Chapter Twenty #2
We know why ye might refuse to release her, but she is our kin and we willna stand idly by while ye punish the woman.
She was, at the time of her killing Chief Roderick MacDonald of Glencoe, just a wee child.
The death was an accident, we are certain.
If ye harm a single hair on her head, we will go to battle with all of ye.
Release her or we will come take her from ye. ”
When the messenger finished, Constantine understood why some kings killed their messengers.
This one before him couldn’t be speaking the truth.
She was a MacPherson? Daughter of Baron John MacPherson, the man rumored to have harbored the Chief MacDonald’s murderer?
He turned to her, as her words echoed in his head.
I became a murderer.
She was the wee gel in the stories told around the fires about the mighty Chief MacDonald.

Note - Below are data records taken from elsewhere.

(* Fix $\gamma\in[0,1)$, $R_{\max}>0$ and $K\ge2$, and let $z_1<\dots<z_K$ be evenly spaced with $z_1=-R_{\max}/(1-\gamma)$ and $z_K=R_{\max}/(1-\gamma)$. Let $s_k(\mu)=\mathbb{E}_{Z\sim\mu}[h_{z_k,z_{k+1}}(Z)]$ for $k=1,\dots,K-1$. Then for every MDP with discount factor $\gamma$ whose reward distributions are all supported on $[-R_{\max},R_{\max}]$, and every policy $\pi$, the CDRL fixed point $\eta$ (the unique collection of distributions supported on $\{z_1,\dots,z_K\}$ with $\eta=\Pi_{\mathcal C}\mathcal T^\pi\eta$) satisfies $$\sup_{(x,a)\in\mathcal X\times\mathcal A}\frac{1}{K-1}\sum_{k=1}^{K-1}\big|s_k(\eta^\pi(x,a))-s_k(\eta(x,a))\big|\le\frac{\gamma}{2(1-\gamma)(K-1)}.$$
   Context: MDP setting: finite state space $\mathcal X$, finite action space $\mathcal A$, transition kernel $p$, discount $\gamma$, reward distributions $\mathcal R(\cdot\mid x,a)$; policy $\pi:\mathcal X\to\mathscr P(\mathcal A)$; $\eta^\pi(x,a)$ is the law of the return $\sum_t\gamma^tR_t$ started from $X_0=x,A_0=a$ with $R_t\sim\mathcal R(\cdot\mid X_t,A_t)$, $X_{t+1}\sim p(\cdot\mid X_t,A_t)$, $A_{t+1}\sim\pi(\cdot\mid X_{t+1})$. Distributional Bellman operator: for a collection $\eta=(\eta(x,a))$ of distributions, $(\mathcal T^\pi\eta)(x,a)=\sum_{x',a'}p(x'\mid x,a)\pi(a'\mid x')\int\mathcal R(\mathrm dr\mid x,a)\,(f_{r,\gamma})_\#\eta(x',a')$, where $f_{r,\gamma}(z)=r+\gamma z$ and $g_\#\mu$ is the pushforward; $\eta^\pi=\mathcal T^\pi\eta^\pi$. For $a<b$, $h_{a,b}(x)=1$ for $x\le a$, $0$ for $x\ge b$, $(b-x)/(b-a)$ on $[a,b]$. The Cramér projection $\Pi_{\mathcal C}$: $\Pi_{\mathcal C}(\delta_w)=\delta_{z_1}$ if $w\le z_1$, $\delta_{z_K}$ if $w\ge z_K$, and $\frac{z_{k+1}-w}{z_{k+1}-z_k}\delta_{z_k}+\frac{w-z_k}{z_{k+1}-z_k}\delta_{z_{k+1}}$ for $z_k\le w\le z_{k+1}$, extended affinely to all distributions, and applied statewise to collections. *)

theory Defs
  imports "HOL-Probability.Probability"
begin

definition hfun :: "real \<Rightarrow> real \<Rightarrow> real \<Rightarrow> real" where
  "hfun a b w = (if w \<le> a then 1 else if b \<le> w then 0 else (b - w) / (b - a))"

text \<open>Evenly spaced support z_1 < ... < z_K with z_1 = -Rmax/(1-gamma), z_K = Rmax/(1-gamma);
  indices k = 1..K.\<close>
definition zgrid :: "real \<Rightarrow> real \<Rightarrow> nat \<Rightarrow> nat \<Rightarrow> real" where
  "zgrid \<gamma> Rmax K k =
     - Rmax / (1 - \<gamma>) + (real k - 1) * (2 * Rmax / (1 - \<gamma>)) / (real K - 1)"

definition cramer_dirac_pmf :: "(nat \<Rightarrow> real) \<Rightarrow> nat \<Rightarrow> real \<Rightarrow> real pmf" where
  "cramer_dirac_pmf z K w =
     (if w \<le> z 1 then return_pmf (z 1)
      else if z K \<le> w then return_pmf (z K)
      else (let k = (GREATEST k. k < K \<and> z k \<le> w) in
            map_pmf (\<lambda>b. if b then z (Suc k) else z k)
              (bernoulli_pmf ((w - z k) / (z (Suc k) - z k)))))"

text \<open>Cramer projection of a general (Borel) distribution: the affine (mixture) extension.\<close>
definition cramer_proj :: "(nat \<Rightarrow> real) \<Rightarrow> nat \<Rightarrow> real measure \<Rightarrow> real measure" where
  "cramer_proj z K \<mu> = \<mu> \<bind> (\<lambda>w. distr (measure_pmf (cramer_dirac_pmf z K w)) borel id)"

definition bellman_op ::
  "('x \<Rightarrow> 'a \<Rightarrow> 'x pmf) \<Rightarrow> ('x \<Rightarrow> 'a pmf) \<Rightarrow> ('x \<Rightarrow> 'a \<Rightarrow> real measure) \<Rightarrow> real
   \<Rightarrow> ('x \<Rightarrow> 'a \<Rightarrow> real measure) \<Rightarrow> 'x \<Rightarrow> 'a \<Rightarrow> real measure" where
  "bellman_op p \<pi> R \<gamma> \<eta> x a =
     measure_pmf (bind_pmf (p x a) (\<lambda>x'. map_pmf (\<lambda>a'. (x', a')) (\<pi> x')))
     \<bind> (\<lambda>(x', a'). R x a \<bind> (\<lambda>r. distr (\<eta> x' a') borel (\<lambda>z. r + \<gamma> * z)))"
lemma partially_antiselfdual_nonneg:
  fixes R :: "'a::real_normed_vector \<Rightarrow>\<^sub>L 'a"
  assumes surj: "surj (blinfun_apply R)" and nm: "\<forall>z. L z \<noteq> -\<infinity>"
    and anti: "\<forall>x. legendre L (0, x) = L (- blinfun_apply R x, 0)"
  shows "0 \<le> L (x, 0)"
proof -
  obtain y where y: "- blinfun_apply R y = x"
    using surj by (metis surj_def minus_minus)
  have "- L (x, 0) \<le> legendre L (0, y)"
    using legendre_ge[of 0 x 0 y L] by (simp add: zero_ereal_def[symmetric])
  also have "\<dots> = L (x, 0)"
    using anti y by simp
  finally show ?thesis
    using nm by (cases "L (x, 0)") auto
qed

lemma domain_absorbing_zero_section:
  fixes g :: "'a::real_vector \<times> 'b::real_normed_vector \<Rightarrow> ereal"
  assumes r: "0 < r" and finite: "\<And>p. norm p < r \<Longrightarrow> g (x, p) \<noteq> \<infinity>"
  shows "domain_absorbing ((UNIV \<times> {0}) \<times> {0}) g"
  unfolding domain_absorbing_def
proof
  fix w :: "'a \<times> 'b"
  obtain u e where w: "w = (u, e)"
    by fastforce
  define a where "a = r / (norm e + 1)"
  have pos: "0 < norm e + 1"
    by (simp add: add_nonneg_pos)
  then have "0 < a"
    using r by (simp add: a_def)
  then have "a * norm e < a * (norm e + 1)"
    by simp
  also have "\<dots> = r"
    using pos by (simp add: a_def)
  finally have "g ((x - a *\<^sub>R u, 0) + a *\<^sub>R w) \<noteq> \<infinity>"
    using finite[of "a *\<^sub>R e"] w \<open>0 < a\<close> by auto
  then show "\<exists>z t a. (z, t) \<in> (UNIV \<times> {0}) \<times> {0} \<and> 0 < a \<and> g (z + a *\<^sub>R w) \<noteq> \<infinity>"
    using \<open>0 < a\<close> by blast
qed

lemma linear_vanishing_on_fst:
  assumes lin: "linear f" and zero: "\<And>x. f (x, 0) = 0"
  shows "f (x, p) = f (0, p)" and "linear (\<lambda>p. f (0, p))"
proof -
  show "f (x, p) = f (0, p)"
    using linear_add[OF lin, of "(x, 0)" "(0, p)"] zero by simp
  show "linear (\<lambda>p. f (0, p))"
  proof
    show "f (0, p + q) = f (0, p) + f (0, q)" for p q
      using linear_add[OF lin, of "(0, p)" "(0, q)"] by simp
    show "f (0, c *\<^sub>R p) = c *\<^sub>R f (0, p)" for c p
      using linear_scale[OF lin, of c "(0, p)"] by simp
  qed
qed

lemma exists_bounded_linear_minorant:
  fixes g :: "'a::real_normed_vector \<times> 'b::real_normed_vector \<Rightarrow> ereal"
  assumes conv: "ereal_convex g" and nm: "\<forall>z. g z \<noteq> -\<infinity>"
    and nonneg: "\<And>x. 0 \<le> g (x, 0)"
    and U: "open U" "0 \<in> U" and bdd: "\<And>p. p \<in> U \<Longrightarrow> g (x0, p) \<le> ereal M"
  obtains \<phi> where "bounded_linear \<phi>" "\<And>x p. ereal (\<phi> p) \<le> g (x, p)"
proof -
  obtain r where r: "0 < r" and ball: "\<And>p. norm p < r \<Longrightarrow> g (x0, p) \<le> ereal M"
    using U bdd by (metis open_contains_ball_eq mem_ball_0 subsetD)
  define G0 :: "(('a \<times> 'b) \<times> real) set" where "G0 = (UNIV \<times> {0}) \<times> {0}"
  have "functional_graph G0"
    unfolding functional_graph_def G0_def by (simp add: subspace_Times)
  moreover have "graph_below G0 g"
    unfolding graph_below_def G0_def using nonneg by (auto simp: zero_ereal_def)
  moreover have "domain_absorbing G0 g"
    unfolding G0_def using ball by (intro domain_absorbing_zero_section[OF r, where x = x0]) fastforce
  ultimately obtain f where lin: "linear f" and f_le: "\<And>z. ereal (f z) \<le> g z"
    and f_G0: "\<And>z t. (z, t) \<in> G0 \<Longrightarrow> f z = t"
    using convex_hahn_banach[OF conv nm] by blast
  have "f (x, 0) = 0" for x
    using f_G0[of "(x, 0)" 0] unfolding G0_def by simp
  note f_eq = linear_vanishing_on_fst[OF lin this]
  have "f (0, p) \<le> M" if "norm p < r" for p
    using f_le[of "(x0, p)"] ball[OF that] f_eq(1) by (metis ereal_less_eq(3) order_trans)
  then have "bounded_linear (\<lambda>p. f (0, p))"
    using bounded_linear_if_bounded_above_on_ball[OF f_eq(2) r] by blast
  then show ?thesis
  proof (rule that)
    show "ereal (f (0, p)) \<le> g (x, p)" for x p
      using f_le[of "(x, p)"] f_eq(1)[of x p] by simp
  qed
qed

theorem proposition2p1:
  fixes R :: "'a::banach \<Rightarrow>\<^sub>L 'a"
    and L :: "'a \<times> ('a \<Rightarrow>\<^sub>L real) \<Rightarrow> ereal"
  assumes refl: "reflexive_space TYPE('a)"
    and R_iso: "bij (blinfun_apply R)"
    and L_proper: "\<forall>z. L z \<noteq> -\<infinity>" "\<exists>z. L z \<noteq> \<infinity>"
    and L_convex: "ereal_convex L"
    and L_lsc: "ereal_lsc L"
    and L_anti: "\<forall>x. legendre L (0, x) = L (- blinfun_apply R x, 0)"
    and L_bdd: "\<exists>x0 U. open U \<and> (0::'a \<Rightarrow>\<^sub>L real) \<in> U \<and> (\<exists>M::real. \<forall>p\<in>U. L (x0, p) \<le> ereal M)"
  shows "\<exists>xb. L (- blinfun_apply R xb, 0) = 0 \<and> (INF x. L (x, 0)) = 0
              \<and> (0, xb) \<in> subdiff L (- blinfun_apply R xb, 0)"
proof -
  have nonneg: "0 \<le> L (x, 0)" for x
    using partially_antiselfdual_nonneg[OF bij_is_surj[OF R_iso] L_proper(1) L_anti] .
  obtain x0 U M where "open U" "0 \<in> U" "\<And>p. p \<in> U \<Longrightarrow> L (x0, p) \<le> ereal M"
    using L_bdd by blast
  then obtain \<phi> where "bounded_linear \<phi>" and \<phi>: "\<And>x p. ereal (\<phi> p) \<le> L (x, p)"
    using exists_bounded_linear_minorant[OF L_convex L_proper(1) nonneg] by blast
  then obtain y where minorant: "\<And>x p. ereal (blinfun_apply p y) \<le> L (x, p)"
    using reflexive_spaceE[OF refl] by metis
  have "L (- blinfun_apply R y, 0) = legendre L (0, y)"
    using L_anti by simp
  also have "\<dots> \<le> 0"
    using minorant by (rule legendre_nonpos_of_minorant)
  finally have zero: "L (- blinfun_apply R y, 0) = 0"
    using nonneg antisym by blast
  have "(INF x. L (x, 0)) \<le> L (- blinfun_apply R y, 0)"
    by (rule INF_lower) simp
  moreover have "0 \<le> (INF x. L (x, 0))"
    using nonneg by (rule INF_greatest)
  ultimately have "(INF x. L (x, 0)) = 0"
    unfolding zero by (rule antisym)
  moreover have "(0, y) \<in> subdiff L (- blinfun_apply R y, 0)"
    unfolding subdiff_def using zero minorant by simp
  ultimately show ?thesis
    using zero by blast
qed

end
lemma lookup_xpow_exp: "Poly_Mapping.lookup (xpow_exp n d) j = (if j \<in> {1..n} then d j else 0)"
  unfolding xpow_exp_def by (simp add: lookup_sum lookup_single when_def)

lemma xpow_eq_single: "(xpow n d :: 'a::field mpoly) = Poly_Mapping.single (xpow_exp n d) 1"
proof -
  have "(\<Prod>i\<in>I. Poly_Mapping.single (Poly_Mapping.single i (d i)) (1::'a)) =
      Poly_Mapping.single (\<Sum>i\<in>I. Poly_Mapping.single i (d i)) 1" if "finite I" for I
    using that by (induction I rule: finite_induct) (simp_all add: mult_single)
  then show ?thesis unfolding xpow_def xpow_exp_def by (simp add: var_pow)
qed

lemma lookup_perm_mono:
  assumes "bij w"
  shows "Poly_Mapping.lookup (perm_mono w m) = Poly_Mapping.lookup m \<circ> inv w"
proof
  fix x
  have "w j = x \<longleftrightarrow> j = inv w x" for j using assms by (metis bij_inv_eq_iff)
  then have "Poly_Mapping.lookup (perm_mono w m) x =
      (\<Sum>j\<in>Poly_Mapping.keys m. if j = inv w x then Poly_Mapping.lookup m j else 0)"
    unfolding perm_mono_def by (simp add: lookup_sum lookup_single when_def)
  also have "\<dots> = (Poly_Mapping.lookup m \<circ> inv w) x" by (simp add: in_keys_iff)
  finally show "Poly_Mapping.lookup (perm_mono w m) x = (Poly_Mapping.lookup m \<circ> inv w) x" .
qed

lemma perm_poly_single:
  "perm_poly w (Poly_Mapping.single m c) = Poly_Mapping.single (perm_mono w m) (c :: 'a::field)"
  unfolding perm_poly_def by (cases "c = 0") auto

definition upd_pair :: "nat \<Rightarrow> (nat \<Rightarrow>\<^sub>0 nat) \<Rightarrow> nat \<Rightarrow> nat \<Rightarrow> (nat \<Rightarrow>\<^sub>0 nat)" where
  "upd_pair i m \<alpha> \<beta> = Poly_Mapping.update (i + 1) \<beta> (Poly_Mapping.update i \<alpha> m)"

lemma lookup_upd_pair:
  "Poly_Mapping.lookup (upd_pair i m \<alpha> \<beta>) = (Poly_Mapping.lookup m)(i := \<alpha>, i + 1 := \<beta>)"
  unfolding upd_pair_def by (auto simp: lookup_update)

lemma upd_pair_eq_iff: "upd_pair i m \<alpha> \<beta> = upd_pair i m \<alpha>' \<beta>' \<longleftrightarrow> \<alpha> = \<alpha>' \<and> \<beta> = \<beta>'"
proof
  assume "upd_pair i m \<alpha> \<beta> = upd_pair i m \<alpha>' \<beta>'"
  then have "Poly_Mapping.lookup (upd_pair i m \<alpha> \<beta>) j = Poly_Mapping.lookup (upd_pair i m \<alpha>' \<beta>') j" for j
    by simp
  from this[of i] this[of "i + 1"] show "\<alpha> = \<alpha>' \<and> \<beta> = \<beta>'" by (simp add: lookup_upd_pair)
qed simp

lemma upd_pair_self: "upd_pair i m (Poly_Mapping.lookup m i) (Poly_Mapping.lookup m (i + 1)) = m"
  by (simp add: poly_mapping_eq_iff lookup_upd_pair)

lemma perm_mono_s: "perm_mono (s i) m = upd_pair i m (Poly_Mapping.lookup m (i + 1)) (Poly_Mapping.lookup m i)"
  by (simp add: poly_mapping_eq_iff lookup_perm_mono[OF bij_s] lookup_upd_pair fun_eq_iff s_apply)

lemma single_add_upd_pair:
  "Poly_Mapping.single i 1 + upd_pair i m \<alpha> \<beta> = upd_pair i m (Suc \<alpha>) \<beta>"
  "Poly_Mapping.single (i + 1) 1 + upd_pair i m \<alpha> \<beta> = upd_pair i m \<alpha> (Suc \<beta>)"
  by (rule poly_mapping_eqI; simp add: lookup_add lookup_upd_pair lookup_single when_def)+

lemma var_mult_upd_pair:
  "var i * Poly_Mapping.single (upd_pair i m \<alpha> \<beta>) c = Poly_Mapping.single (upd_pair i m (Suc \<alpha>) \<beta>) (c :: 'a::field)"
  "var (i + 1) * Poly_Mapping.single (upd_pair i m \<alpha> \<beta>) c = Poly_Mapping.single (upd_pair i m \<alpha> (Suc \<beta>)) c"
  by (simp_all only: var_def mult_single single_add_upd_pair mult_1)

text \<open>The explicit quotient \<open>x\<^sub>i\<^sub>+\<^sub>1 (x\<^sup>m - s\<^sub>i x\<^sup>m) / (x\<^sub>i - x\<^sub>i\<^sub>+\<^sub>1)\<close>: a signed sum of the monomials on the
  segment between \<open>m\<close> and \<open>s\<^sub>i m\<close>, excluding \<open>m\<close> and including \<open>s\<^sub>i m\<close>.\<close>

definition pibar_monomial :: "nat \<Rightarrow> (nat \<Rightarrow>\<^sub>0 nat) \<Rightarrow> 'a::field mpoly" where
  "pibar_monomial i m = (let a = Poly_Mapping.lookup m i; b = Poly_Mapping.lookup m (i + 1) in
     if b \<le> a then (\<Sum>\<gamma>\<in>{b<..a}. Poly_Mapping.single (upd_pair i m (a + b - \<gamma>) \<gamma>) 1)
     else - (\<Sum>\<gamma>\<in>{a<..b}. Poly_Mapping.single (upd_pair i m (a + b - \<gamma>) \<gamma>) 1))"

lemma var_diff_mult_segment:
  assumes "p \<le> q"
  shows "(var i - var (i + 1)) * (\<Sum>\<gamma>\<in>{p<..q}. Poly_Mapping.single (upd_pair i m (p + q - \<gamma>) \<gamma>) 1) =
    Poly_Mapping.single (upd_pair i m q (Suc p)) 1 - (Poly_Mapping.single (upd_pair i m p (Suc q)) 1 :: 'a::field mpoly)"
proof -
  define F :: "nat \<Rightarrow> 'a mpoly" where "F \<gamma> = Poly_Mapping.single (upd_pair i m (Suc (p + q) - \<gamma>) \<gamma>) 1" for \<gamma>
  have "(var i - var (i + 1)) * Poly_Mapping.single (upd_pair i m (p + q - \<gamma>) \<gamma>) 1 = F \<gamma> - F (Suc \<gamma>)"
    if "\<gamma> \<in> {p<..q}" for \<gamma>
    using that unfolding F_def left_diff_distrib var_mult_upd_pair by (simp add: Suc_diff_le)
  then have "(var i - var (i + 1)) * (\<Sum>\<gamma>\<in>{p<..q}. Poly_Mapping.single (upd_pair i m (p + q - \<gamma>) \<gamma>) 1) =
      (\<Sum>\<gamma>\<in>{Suc p..<Suc q}. F \<gamma> - F (Suc \<gamma>))"
    unfolding sum_distrib_left by (intro sum.cong) auto
  also have "\<dots> = F (Suc p) - F (Suc q)"
    using sum_Suc_diff'[of "Suc p" "Suc q" "\<lambda>\<gamma>. - F \<gamma>"] assms by simp
  finally show ?thesis unfolding F_def by simp
qed
lemma Z_adjoin_sum [intro]: "(\<And>i. i \<in> S \<Longrightarrow> f i \<in> Z_adjoin z) \<Longrightarrow> (\<Sum>i\<in>S. f i) \<in> Z_adjoin z"
  by (induction S rule: infinite_finite_induct) auto

text \<open>
  The matrix of multiplication by \<open>w(z)\<close> on the spanning family \<open>1, z, \<dots>, z\<^sup>m\<^sup>-\<^sup>1\<close> of
  \<open>\<int>[z]\<close>, for \<open>z\<^sup>m = 1\<close>.
\<close>
definition mult_matrix :: "nat \<Rightarrow> int poly \<Rightarrow> int mat" where
  "mult_matrix m w = mat m m (\<lambda>(i, j). \<Sum>t\<le>degree w. if (i + t) mod m = j then Polynomial.coeff w t else 0)"

lemma mult_matrix_mult_vec:
  fixes z :: complex
  assumes zm: "z ^ m = 1" and m: "m > 0"
  shows "of_int_hom.mat_hom (mult_matrix m w) *\<^sub>v vec m (\<lambda>j. z ^ j) =
    poly (of_int_poly w) z \<cdot>\<^sub>v vec m (\<lambda>j. z ^ j)"
proof (rule eq_vecI)
  fix i assume "i < dim_vec (poly (of_int_poly w) z \<cdot>\<^sub>v vec m (\<lambda>j. z ^ j))"
  hence i: "i < m" by simp
  have "(of_int_hom.mat_hom (mult_matrix m w) *\<^sub>v vec m (\<lambda>j. z ^ j)) $ i =
      (\<Sum>j<m. \<Sum>t\<le>degree w. if (i + t) mod m = j then of_int (Polynomial.coeff w t) * z ^ j else 0)"
    using i by (auto simp: mult_matrix_def scalar_prod_def lessThan_atLeast0 of_int_sum
        sum_distrib_right intro!: sum.cong)
  also have "\<dots> = (\<Sum>t\<le>degree w. \<Sum>j<m.
      if (i + t) mod m = j then of_int (Polynomial.coeff w t) * z ^ j else 0)"
    by (rule sum.swap)
  also have "\<dots> = (\<Sum>t\<le>degree w. of_int (Polynomial.coeff w t) * z ^ ((i + t) mod m))"
    using m by (intro sum.cong refl) (simp add: sum.delta)
  also have "\<dots> = (\<Sum>t\<le>degree w. z ^ i * (of_int (Polynomial.coeff w t) * z ^ t))"
    by (intro sum.cong refl) (simp add: power_mod_root_of_unity[OF zm, of "i + _", symmetric] power_add)
  also have "\<dots> = z ^ i * poly (of_int_poly w) z" by (simp add: poly_of_int_poly_altdef sum_distrib_left)
  finally show "(of_int_hom.mat_hom (mult_matrix m w) *\<^sub>v vec m (\<lambda>j. z ^ j)) $ i =
      (poly (of_int_poly w) z \<cdot>\<^sub>v vec m (\<lambda>j. z ^ j)) $ i"
    using i by simp
qed (simp add: mult_matrix_def)
lemma orbit_of_transpose_other_orbit:
  fixes a b :: nat
  assumes \<alpha>: "\<alpha> permutes {..<n}" and b: "b \<notin> orbit_of \<alpha> a"
  defines "\<beta> \<equiv> Transposition.transpose a b \<circ> \<alpha>" and "C \<equiv> orbit_of \<alpha> a \<union> orbit_of \<alpha> b"
  shows "orbit_of \<beta> ` C = {C}" and "card C = card (orbit_of \<alpha> a) + card (orbit_of \<alpha> b)"
proof -
  define r r' where "r = card (orbit_of \<alpha> a)" and "r' = card (orbit_of \<alpha> b)"
  define s where "s = (\<lambda>i. if i < r then (\<alpha> ^^ i) a else (\<alpha> ^^ (i - r)) b)"
  note ea = orbit_of_enumeration[OF \<alpha>, of a, folded r_def]
  note eb = orbit_of_enumeration[OF \<alpha>, of b, folded r'_def]
  have a: "a \<notin> orbit_of \<alpha> b" using b orbit_of_eqI[OF \<alpha>] orbit_of_self by metis
  have "orbit_of \<alpha> a \<inter> orbit_of \<alpha> b = {}"
    using b orbit_of_eqI[OF \<alpha>] orbit_of_self by blast
  then have bij: "bij_betw s {..<r + r'} C"
    unfolding s_def C_def using ea(3,4) eb(3,4)
    by (intro bij_betw_concat_lessThan) (simp_all add: bij_betw_def)
  have cyc: "\<beta> (s i) = s (Suc i mod (r + r'))" if "i < r + r'" for i
  proof (cases "i < r")
    case True
    then have "\<beta> (s i) = (if Suc i = r then b else (\<alpha> ^^ Suc i) a)"
      using transpose_other_orbit_apply[OF \<alpha> b, of i] unfolding \<beta>_def s_def r_def by simp
    moreover have "s (Suc i mod (r + r')) = (if Suc i = r then b else (\<alpha> ^^ Suc i) a)"
      using True eb(1) unfolding s_def by auto
    ultimately show ?thesis by simp
  next
    case False
    define j where "j = i - r"
    have j: "j < r'" "i = r + j" using that False unfolding j_def by auto
    then have "\<beta> (s i) = (if Suc j = r' then a else (\<alpha> ^^ Suc j) b)"
      using transpose_other_orbit_apply[OF \<alpha> a, of j]
      unfolding \<beta>_def s_def r'_def transpose_commute[of a b] by simp
    moreover have "s (Suc i mod (r + r')) = (if Suc j = r' then a else (\<alpha> ^^ Suc j) b)"
      using j ea(1) unfolding s_def by auto
    ultimately show ?thesis by simp
  qed
  have "0 < r + r'" using ea(1) by simp
  note orb = orbit_of_cyclic_enumeration[OF this bij_betw_imp_inj_on[OF bij] cyc,
      unfolded bij_betw_imp_surj_on[OF bij]]
  have "orbit_of \<beta> ` s ` {..<r + r'} = (\<lambda>_. C) ` {..<r + r'}"
    by (simp add: image_image orb(1) cong: image_cong_simp)
  then show "orbit_of \<beta> ` C = {C}"
    using \<open>0 < r + r'\<close> bij_betw_imp_surj_on[OF bij] by (simp add: image_constant_conv lessThan_empty_iff)
  show "card C = card (orbit_of \<alpha> a) + card (orbit_of \<alpha> b)"
    using bij_betw_same_card[OF bij] unfolding r_def r'_def by simp
qed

She’d lied to him all along. Why? Fear most likely. She was a Highlander. She knew Highlanders held long grudges. For killing their chief, they might demand her blood as payment.
She had lied to him about her name. She knew MacPhersons were part of the Chattan and enemies to the Camerons. He could understand her deceit in it all.
Still, hadn’t she claimed to trust him?
Her deceit proved she didn’t.
He wanted to tell her he didn’t believe it, but her face was drained of color. He thought she might fall to the ground and took a step closer to her.
She moved away, breaking his heart.
It was true then.
He turned to look around at his kin. Empty stares, void of any emotions met his gaze. Then, as the truth dawned on them the way it had on him, anger, betrayal, and silent accusations filled the void.
She was an enemy of his clan. She had deceived them, pretending to be a Drummond. What should he say? He hadn’t known the truth either.
Surely, they would not turn on her just because she bore the name of the man who adopted her. It wasn’t that she was born a MacPherson.
He snatched up her hand and pulled her forward to the castle. “Come with me.”
This couldn’t be, he thought while pulling her along. So, she was a MacPherson in name only. But she was not just any MacPherson. She was the MacPherson lass who had killed Roderick MacDonald.
Constantine knew the chief had abused her. He knew she had been a child, but his kin, or at least some of them, would not forgive her for killing one of their chiefs.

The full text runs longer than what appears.